lemma fps_deriv_schurQ_gf:
  "fps_deriv (schurQ_gf N x) = Abs_fps (\<lambda>j. psum_shift N x (j + 1)) * schurQ_gf N x"
proof -
  have factor: "(1 + fps_const c * fps_X) / (1 - fps_const c * fps_X) = (1 + fps_const c * fps_X) * geometric_fps c"
    for c :: real
  proof -
    have "inverse (1 - fps_const c * fps_X) = geometric_fps c"
      by (rule fps_inverse_unique[OF one_minus_mult_geometric_fps])
    then show ?thesis by (subst fps_divide_unit) auto
  qed
  have "(\<Sum>i<N. fps_const (x i) * (geometric_fps (x i) + geometric_fps (- x i))) $ j = psum_shift N x (j + 1)" for j
  proof (cases "even j")
    case True
    then show ?thesis
      by (simp add: fps_sum_nth geometric_fps_def psum_shift_def psum_def sum_distrib_left mult_ac)
  next
    case False
    then show ?thesis by (simp add: fps_sum_nth geometric_fps_def psum_shift_def)
  qed
  then have "(\<Sum>i<N. fps_const (x i) * (geometric_fps (x i) + geometric_fps (- x i))) =
      Abs_fps (\<lambda>j. psum_shift N x (j + 1))" by (intro fps_ext) simp
  moreover have "fps_deriv (schurQ_gf N x) =
      (\<Sum>i<N. fps_const (x i) * (geometric_fps (x i) + geometric_fps (- x i))) * schurQ_gf N x"
    unfolding schurQ_gf_def factor
    by (rule fps_deriv_prod_eq_sum_mult) (simp_all only: fps_deriv_one_plus_mult_geometric_fps finite_lessThan)
  ultimately show ?thesis by simp
qed

lemma schurQ_gf_nth_0: "schurQ_gf N x $ 0 = 1"
  by (induction N) (simp_all add: schurQ_gf_def fps_divide_unit fps_inverse_def)

lemma schurQ_gf_power_recurrence:
  assumes "m \<ge> 1"
  shows "of_nat m * (schurQ_gf N x ^ l) $ m =
         (\<Sum>k=1..m. (of_nat l * psum_shift N x k) * (schurQ_gf N x ^ l) $ (m - k))"
proof -
  define G where "G = schurQ_gf N x ^ l"
  define H where "H = Abs_fps (\<lambda>j. psum_shift N x (j + 1))"
  have deriv: "fps_deriv G = (of_nat l * H) * G"
    unfolding G_def H_def by (rule fps_deriv_power_eq_mult[OF fps_deriv_schurQ_gf])
  have "of_nat m * G $ m = fps_deriv G $ (m - 1)" using assms by simp
  also have "\<dots> = (fps_const (of_nat l) * H * G) $ (m - 1)"
    by (simp only: deriv fps_of_nat)
  also have "\<dots> = of_nat l * (H * G) $ (m - 1)"
    by (simp only: mult.assoc fps_mult_left_const_nth)
  also have "\<dots> = (\<Sum>i=0..m - 1. of_nat l * psum_shift N x (i + 1) * G $ (m - 1 - i))"
    by (simp add: fps_mult_nth H_def sum_distrib_left mult.assoc)
  also have "\<dots> = (\<Sum>k=1..m. of_nat l * psum_shift N x k * G $ (m - k))"
    using assms by (intro sum.reindex_bij_witness[of _ "\<lambda>k. k - 1" Suc]) auto
  finally show ?thesis unfolding G_def .
qed

section \<open>Coefficients of powers via compositions\<close>

definition compositions :: "nat \<Rightarrow> nat list set" where
  "compositions n = {xs. set xs \<subseteq> {1..} \<and> sum_list xs = n}"

lemma length_le_sum_list: "set xs \<subseteq> {1..} \<Longrightarrow> length xs \<le> sum_list (xs :: nat list)"
  by (induction xs) auto

lemma finite_compositions: "finite (compositions n)"
proof (rule finite_subset)
  show "compositions n \<subseteq> {xs. set xs \<subseteq> {..n} \<and> length xs \<le> n}"
    unfolding compositions_def using length_le_sum_list member_le_sum_list by fastforce
  show "finite {xs. set xs \<subseteq> {..n} \<and> length xs \<le> n}" by (rule finite_lists_length_le) simp
qed

lemma mset_compositions: "mset ` compositions n = partitions n"
proof
  show "mset ` compositions n \<subseteq> partitions n"
    by (auto simp: compositions_def partitions_def sum_mset_sum_list)
  show "partitions n \<subseteq> mset ` compositions n"
  proof
    fix la assume la: "la \<in> partitions n"
    obtain xs where xs: "mset xs = la" using ex_mset by blast
    then have "xs \<in> compositions n"
      using la by (auto simp: partitions_def compositions_def sum_mset_sum_list[symmetric])
    then show "la \<in> mset ` compositions n" using xs by blast
  qed
qed

lemma finite_partitions: "finite (partitions n)"
  using finite_compositions mset_compositions by (metis finite_imageI)

lemma sum_compositions_by_partitions:
  fixes g :: "nat multiset \<Rightarrow> 'a::comm_semiring_1"
  shows "(\<Sum>xs\<in>compositions n. g (mset xs)) =
         (\<Sum>la\<in>partitions n. of_nat (card (permutations_of_multiset la)) * g la)"
proof -
  have "(\<Sum>xs\<in>compositions n. g (mset xs)) =
      (\<Sum>la\<in>partitions n. \<Sum>xs\<in>{xs \<in> compositions n. mset xs = la}. g (mset xs))"
    by (rule sum.group[symmetric]) (simp_all add: finite_compositions finite_partitions mset_compositions)
  also have "\<dots> = (\<Sum>la\<in>partitions n. of_nat (card (permutations_of_multiset la)) * g la)"
  proof (intro sum.cong refl)
    fix la assume "la \<in> partitions n"
    then have "{xs \<in> compositions n. mset xs = la} = permutations_of_multiset la"
      by (auto simp: permutations_of_multiset_def compositions_def partitions_def
          sum_mset_sum_list[symmetric])
    moreover have "(\<Sum>xs\<in>permutations_of_multiset la. g (mset xs)) =
        (\<Sum>xs\<in>permutations_of_multiset la. g la)"
      by (intro sum.cong) (auto simp: permutations_of_multiset_def)
    ultimately show "(\<Sum>xs\<in>{xs \<in> compositions n. mset xs = la}. g (mset xs)) =
        of_nat (card (permutations_of_multiset la)) * g la" by simp
  qed
  finally show ?thesis .
qed

lemma fps_power_nth_compositions:
  fixes A :: "'a::comm_semiring_1 fps"
  assumes "A $ 0 = 0"
  shows "(A ^ l) $ n = (\<Sum>xs | xs \<in> compositions n \<and> length xs = l. \<Prod>k\<leftarrow>xs. A $ k)"
proof (induction l arbitrary: n)
  case 0
  have "{xs. xs \<in> compositions n \<and> length xs = 0} = (if n = 0 then {[]} else {})"
    by (auto simp: compositions_def)
  then show ?case by simp
next
  case (Suc l)
  define C where "C n = {xs. xs \<in> compositions n \<and> length xs = l}" for n
  have "(A ^ Suc l) $ n = (\<Sum>i=0..n. A $ i * (A ^ l) $ (n - i))" by (simp add: fps_mult_nth)
  also have "\<dots> = (\<Sum>i=1..n. A $ i * (A ^ l) $ (n - i))"
    using assms by (simp add: sum.atLeast_Suc_atMost)
  also have "\<dots> = (\<Sum>i=1..n. \<Sum>ys\<in>C (n - i). A $ i * (\<Prod>k\<leftarrow>ys. A $ k))"
    by (simp add: Suc C_def sum_distrib_left)
  also have "\<dots> = (\<Sum>(i, ys)\<in>Sigma {1..n} (\<lambda>i. C (n - i)). A $ i * (\<Prod>k\<leftarrow>ys. A $ k))"
    by (rule sum.Sigma) (auto simp: C_def intro: finite_subset[OF _ finite_compositions])
  also have "\<dots> = (\<Sum>xs | xs \<in> compositions n \<and> length xs = Suc l. \<Prod>k\<leftarrow>xs. A $ k)"
  proof (rule sum.reindex_bij_witness[where i = "\<lambda>xs. (hd xs, tl xs)" and j = "\<lambda>(i, ys). i # ys"])
    fix xs assume "xs \<in> {xs. xs \<in> compositions n \<and> length xs = Suc l}"
    then show "(hd xs, tl xs) \<in> Sigma {1..n} (\<lambda>i. C (n - i))" "(\<lambda>(i, ys). i # ys) (hd xs, tl xs) = xs"
      by (cases xs; auto simp: compositions_def C_def)+
  qed (auto simp: compositions_def C_def)
  finally show ?case .
qed
definition adic_cauchy :: "'a::comm_ring_1 set \<Rightarrow> (nat \<Rightarrow> 'a) \<Rightarrow> bool" where
  "adic_cauchy n s \<longleftrightarrow> (\<forall>m. \<exists>N. \<forall>i\<ge>N. \<forall>j\<ge>N. s i - s j \<in> ideal_pow n m)"

definition adic_lim :: "'a::comm_ring_1 set \<Rightarrow> (nat \<Rightarrow> 'a) \<Rightarrow> 'a \<Rightarrow> bool" where
  "adic_lim n s L \<longleftrightarrow> (\<forall>m. \<exists>N. \<forall>i\<ge>N. s i - L \<in> ideal_pow n m)"

definition adic_complete :: "'a::comm_ring_1 set \<Rightarrow> bool" where
  "adic_complete n \<longleftrightarrow> (\<Inter>m. ideal_pow n m) = {0} \<and>
     (\<forall>s. adic_cauchy n s \<longrightarrow> (\<exists>L. adic_lim n s L))"

text \<open>Coefficient field: a subfield k of S mapping bijectively onto S/n.\<close>
definition coefficient_field :: "'a::comm_ring_1 set \<Rightarrow> 'a set \<Rightarrow> bool" where
  "coefficient_field n k \<longleftrightarrow>
     0 \<in> k \<and> 1 \<in> k \<and> (\<forall>a\<in>k. \<forall>b\<in>k. a + b \<in> k \<and> a * b \<in> k) \<and> (\<forall>a\<in>k. - a \<in> k) \<and>
     (\<forall>a\<in>k. a \<noteq> 0 \<longrightarrow> (\<exists>b\<in>k. a * b = 1)) \<and>
     (\<forall>s. \<exists>!a. a \<in> k \<and> s - a \<in> n)"

definition ideal_radical :: "'a::comm_ring_1 set \<Rightarrow> 'a set" where
  "ideal_radical I = {a. \<exists>j. a ^ j \<in> I}"

definition primary_ideal :: "'a::comm_ring_1 set \<Rightarrow> bool" where
  "primary_ideal I \<longleftrightarrow> is_ideal I \<and> I \<noteq> UNIV \<and>
     (\<forall>a b. a * b \<in> I \<longrightarrow> a \<notin> I \<longrightarrow> b \<in> ideal_radical I)"

definition n_primary :: "'a::comm_ring_1 set \<Rightarrow> 'a set \<Rightarrow> bool" where
  "n_primary n I \<longleftrightarrow> primary_ideal I \<and> ideal_radical I = n"

text \<open>Monomials in T_1..T_r are exponent vectors u :: nat => nat (T_{i+1} has exponent u i),
  with u i = 0 for i >= r.\<close>
definition monomials :: "nat \<Rightarrow> (nat \<Rightarrow> nat) set" where
  "monomials r = {u. \<forall>i\<ge>r. u i = 0}"

definition standard_set :: "nat \<Rightarrow> (nat \<Rightarrow> nat) set \<Rightarrow> bool" where
  "standard_set r \<Gamma> \<longleftrightarrow> \<Gamma> \<subseteq> monomials r \<and> (\<forall>u\<in>\<Gamma>. \<forall>v. (\<forall>i. v i \<le> u i) \<longrightarrow> v \<in> \<Gamma>)"

definition mono_eval :: "nat \<Rightarrow> (nat \<Rightarrow> 'a::comm_ring_1) \<Rightarrow> (nat \<Rightarrow> nat) \<Rightarrow> 'a" where
  "mono_eval r x u = (\<Prod>i<r. x i ^ u i)"

definition adic_has_sum :: "'a::comm_ring_1 set \<Rightarrow> ('b \<Rightarrow> 'a) \<Rightarrow> 'b set \<Rightarrow> 'a \<Rightarrow> bool" where
  "adic_has_sum n g A L \<longleftrightarrow>
     (\<forall>m. \<exists>F0. finite F0 \<and> F0 \<subseteq> A \<and>
        (\<forall>F. finite F \<and> F0 \<subseteq> F \<and> F \<subseteq> A \<longrightarrow> L - sum g F \<in> ideal_pow n m))"

text \<open>A lifting S/I -> S is modelled as sigma composed with the projection S -> S/I:
  a function on S that is constant on cosets of I, sends I to 0, and satisfies
  sigma a + I = a + I.  Its image is sigma(S/I).\<close>
definition is_lifting :: "'a::comm_ring_1 set \<Rightarrow> ('a \<Rightarrow> 'a) \<Rightarrow> bool" where
  "is_lifting I \<sigma> \<longleftrightarrow> (\<forall>a b. a - b \<in> I \<longrightarrow> \<sigma> a = \<sigma> b) \<and> (\<forall>a\<in>I. \<sigma> a = 0) \<and>
     (\<forall>a. \<sigma> a - a \<in> I)"

definition expandable ::
  "'a::comm_ring_1 set \<Rightarrow> 'a set \<Rightarrow> nat \<Rightarrow> (nat \<Rightarrow> 'a) \<Rightarrow> (nat \<Rightarrow> nat) set \<Rightarrow> bool" where
  "expandable n I r x \<Gamma> \<longleftrightarrow>
     (\<forall>\<sigma>. is_lifting I \<sigma> \<longrightarrow> (\<forall>f. \<exists>!c::(nat \<Rightarrow> nat) \<Rightarrow> 'a.
        (\<forall>u\<in>\<Gamma>. c u \<in> range \<sigma>) \<and> (\<forall>u. u \<notin> \<Gamma> \<longrightarrow> c u = 0) \<and>
        adic_has_sum n (\<lambda>u. c u * mono_eval r x u) \<Gamma> f))"

definition coeff_families :: "'a set \<Rightarrow> nat \<Rightarrow> (nat \<Rightarrow> nat) set \<Rightarrow> (nat \<Rightarrow> (nat \<Rightarrow> nat) \<Rightarrow> 'a::zero) set" where
  "coeff_families k l \<Gamma> = {c. \<forall>i u. (i < l \<and> u \<in> \<Gamma> \<longrightarrow> c i u \<in> k) \<and>
                                   (\<not> (i < l \<and> u \<in> \<Gamma>) \<longrightarrow> c i u = 0)}"

definition represents ::
  "'a::comm_ring_1 set \<Rightarrow> nat \<Rightarrow> (nat \<Rightarrow> 'a) \<Rightarrow> nat \<Rightarrow> (nat \<Rightarrow> 'a) \<Rightarrow> (nat \<Rightarrow> nat) set
     \<Rightarrow> (nat \<Rightarrow> (nat \<Rightarrow> nat) \<Rightarrow> 'a) \<Rightarrow> 'a \<Rightarrow> bool" where
  "represents n r x l f \<Gamma> c s \<longleftrightarrow>
     adic_has_sum n (\<lambda>(i, u). c i u * f i * mono_eval r x u) ({..<l} \<times> \<Gamma>) s"

end

theory Submission
  imports Defs
begin

text \<open>Since \<sigma> is k-linear, kills I and fixes the f_i, its image is the k-span of f_1, ..., f_l,
  and the f_i form a k-basis of that span. An expansion s = \<Sum>_u \<sigma>_u u(x) with every \<sigma>_u in the
  image of \<sigma> is therefore the same thing as a family c_{i,u} in k, via \<sigma>_u = \<Sum>_i c_{i,u} f_i, and
  \<Gamma>-expandability gives existence and uniqueness of the c_{i,u}. Regrouping the double series
  \<Sum>_{i,u} c_{i,u} f_i u(x) into \<Sum>_u \<sigma>_u u(x) is legitimate because, the x_j lying in n, every
  such double series converges in the complete ring S and n-adic limits are unique. The same two
  facts make s \<mapsto> (c_{i,u}) bijective, additive and k-linear.\<close>

lemma bij_betw_ex1_pullback:
  assumes h: "bij_betw h A B" and ex1: "\<exists>!b. b \<in> B \<and> P b"
  shows "\<exists>!a. a \<in> A \<and> P (h a)"
proof -
  obtain b where b: "b \<in> B" "P b" and b_unique: "\<And>b'. b' \<in> B \<Longrightarrow> P b' \<Longrightarrow> b' = b"
    using ex1 by blast
  obtain a where a: "a \<in> A" "h a = b"
    using b(1) bij_betw_imp_surj_on[OF h] by blast
  show ?thesis
  proof (rule ex1I[of _ a])
    show "a \<in> A \<and> P (h a)" using a b by simp
  next
    fix a' assume a': "a' \<in> A \<and> P (h a')"
    then have "h a' \<in> B" using bij_betw_apply[OF h] by simp
    with a' have "h a' = h a" using a(2) b_unique by simp
    with a' a(1) show "a' = a" using bij_betw_imp_inj_on[OF h] by (simp add: inj_on_eq_iff)
  qed
qed
(* The function $\tilde G$ attains a global maximum on $K$. Moreover, every global maximizer $\alpha^*=(\alpha_1^*,\dots,\alpha_N^* )$ of $\tilde G$ on $K$ satisfies exactly one of the following: (I) $\alpha^*\in\operatorname{Int}(K)$, i.e. $\alpha_j^*>0$ for all $j$ and $\sum_{j=1}^N\alpha_j^*<1$; or (II) there is $n\in\{1,\dots,N-1\}$ with $\alpha_1^*=\dots=\alpha_n^*=0$ and $(\alpha_{n+1}^*,\dots,\alpha_N^* )\in\operatorname{Int}(K_n)$, where $K_n=\{(\alpha_{n+1},\dots,\alpha_N)\in\mathbb{R}^{N-n}:\alpha_j\ge0\ \forall j,\ \sum_{j=n+1}^N\alpha_j\le1\}$. Consequently $\alpha^*$ solves either the system $\partial\tilde G/\partial\alpha_j(\alpha)=0$ for all $j\in\{1,\dots,N\}$ (case I), or the system $\alpha_1=\dots=\alpha_n=0$, $\alpha_{n+1},\dots,\alpha_N\ne0$, $\partial\tilde G/\partial\alpha_j(\alpha)=0$ for $j\in\{n+1,\dots,N\}$ (case II).
   Context: Durable-good harvesting model. Let $N\ge1$ be an integer, $y_0>0$, $r,\rho\in\mathbb{R}$, and $0\le t_1<t_2<\dots<t_N$ (arrival times in the successive rounds). Let $K=\{\alpha=(\alpha_1,\dots,\alpha_N)\in\mathbb{R}^N:\alpha_j\ge0\ \forall j,\ \sum_{j=1}^N\alpha_j\le1\}$ and $$\tilde G(\alpha)=\sum_{n=1}^N y_0\,\alpha_n\Big(1-\sum_{i=1}^n\alpha_i\Big)e^{t_n(r-\rho)}\prod_{i=1}^{n-1}(1-\alpha_i).$$ *)

theory Defs
  imports "HOL-Analysis.Analysis"
begin

text \<open>Vectors alpha = (alpha_1,...,alpha_N) are represented as functions nat => real,
  of which only the values at indices 1..N are relevant.\<close>

definition Gt :: "nat \<Rightarrow> real \<Rightarrow> real \<Rightarrow> real \<Rightarrow> (nat \<Rightarrow> real) \<Rightarrow> (nat \<Rightarrow> real) \<Rightarrow> real" where
  "Gt N y0 r \<rho> t \<alpha> =
     (\<Sum>n=1..N. y0 * \<alpha> n * (1 - (\<Sum>i=1..n. \<alpha> i)) * exp (t n * (r - \<rho>))
                  * (\<Prod>i=1..n-1. (1 - \<alpha> i)))"

definition Kset :: "nat \<Rightarrow> (nat \<Rightarrow> real) set" where
  "Kset N = {\<alpha>. (\<forall>j\<in>{1..N}. 0 \<le> \<alpha> j) \<and> (\<Sum>j=1..N. \<alpha> j) \<le> 1}"

text \<open>Interior of K_n (the coordinates n+1..N); n = 0 gives Int(K).\<close>
definition inIntK :: "nat \<Rightarrow> nat \<Rightarrow> (nat \<Rightarrow> real) \<Rightarrow> bool" where
  "inIntK N n \<alpha> \<longleftrightarrow> (\<forall>j\<in>{n+1..N}. 0 < \<alpha> j) \<and> (\<Sum>j=n+1..N. \<alpha> j) < 1"
definition pos_def_herm :: "complex^'m^'m \<Rightarrow> bool" where
  "pos_def_herm A \<longleftrightarrow> (\<forall>v::complex^'m. v \<noteq> 0 \<longrightarrow>
      0 < Re (\<Sum>i\<in>UNIV. \<Sum>j\<in>UNIV. cnj (v$i) * A$i$j * v$j))"

definition Omega3 :: "(complex^'m^'m) set" where
  "Omega3 = {Z. transpose Z = Z \<and> pos_def_herm (mat 1 - Z ** cadj Z)}"

definition N_Omega3 :: "complex^'m^'m \<Rightarrow> real" where
  "N_Omega3 Z = Re (det (mat 1 - Z ** cadj Z))"

definition hartogs :: "'a set \<Rightarrow> ('a \<Rightarrow> real) \<Rightarrow> real \<Rightarrow> ('a \<times> complex) set" where
  "hartogs \<Omega> N \<mu> = {(z, w). z \<in> \<Omega> \<and> (cmod w)^2 < N z powr \<mu>}"

definition hpot :: "('a \<Rightarrow> real) \<Rightarrow> real \<Rightarrow> 'a \<times> complex \<Rightarrow> real" where
  "hpot N \<mu> = (\<lambda>(z, w). - ln (N z powr \<mu> - (cmod w)^2))"

definition sc_src :: "complex \<Rightarrow> (complex^'m) \<times> complex \<Rightarrow> (complex^'m) \<times> complex" where
  "sc_src c = (\<lambda>(z, w). ((\<chi> i. c * z$i), c * w))"

definition sc_tgt :: "complex \<Rightarrow> (complex^'m^'m) \<times> complex \<Rightarrow> (complex^'m^'m) \<times> complex" where
  "sc_tgt c = (\<lambda>(Z, w). ((\<chi> i j. c * Z$i$j), c * w))"

definition sym_tangent :: "((complex^'m^'m) \<times> complex) set" where
  "sym_tangent = {(Z, w). transpose Z = Z}"

definition diag_map :: "complex^'m \<Rightarrow> complex^'m^'m" where
  "diag_map z = (\<chi> i j. if i = j then z$i else 0)"

end

theory Submission
  imports Defs
begin

text \<open>The diagonal embedding is complex linear and pulls the potential of the target back to
  that of the source, because det(I - D D*) = prod_j (1 - |z_j|^2) for D = diag(z);
  hence it is a Kaehler immersion.  For total geodesy, conjugation by diag(1,..,-1,..,1) (with -1
  in position k) is a holomorphic isometry of the target that fixes the image pointwise and
  negates the off-diagonal entries of row and column k.  The metric and its derivative along a
  line are linear in the free direction, so both vanish on such directions.  Along the image
  only the diagonal part of a tangent direction therefore matters, and the Euler--Lagrange
  equations of the target reduce to those of the source.\<close>

section \<open>Iterated Frechet differentiability\<close>

abbreviation fderiv :: "('a::real_normed_vector \<Rightarrow> 'b::real_normed_vector) \<Rightarrow> 'a \<Rightarrow> 'a \<Rightarrow> 'b" where
  "fderiv f p \<equiv> frechet_derivative f (at p)"

primrec higher_differentiable_on ::
  "'a::real_normed_vector set \<Rightarrow> ('a \<Rightarrow> 'b::real_normed_field) \<Rightarrow> nat \<Rightarrow> bool" where
  "higher_differentiable_on U f 0 = True"
| "higher_differentiable_on U f (Suc n) \<longleftrightarrow> (\<forall>p\<in>U. f differentiable (at p)) \<and>
      (\<forall>v. higher_differentiable_on U (\<lambda>p. fderiv f p v) n)"

declare higher_differentiable_on.simps(2)[simp del]

lemma higher_differentiable_onI:
  "(\<And>p. p \<in> U \<Longrightarrow> f differentiable (at p)) \<Longrightarrow>
   (\<And>v. higher_differentiable_on U (\<lambda>p. fderiv f p v) n) \<Longrightarrow> higher_differentiable_on U f (Suc n)"
  unfolding higher_differentiable_on.simps(2) by blast

lemma higher_differentiable_on_differentiable:
  "higher_differentiable_on U f (Suc n) \<Longrightarrow> p \<in> U \<Longrightarrow> f differentiable (at p)"
  unfolding higher_differentiable_on.simps(2) by blast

····················

• _Task statement_
Where a line in the records above contains the string "card", copy that line.

• _Output below_
         (\<Sum>la\<in>partitions n. of_nat (card (permutations_of_multiset la)) * g la)"
  also have "\<dots> = (\<Sum>la\<in>partitions n. of_nat (card (permutations_of_multiset la)) * g la)"
        of_nat (card (permutations_of_multiset la)) * g la" by simp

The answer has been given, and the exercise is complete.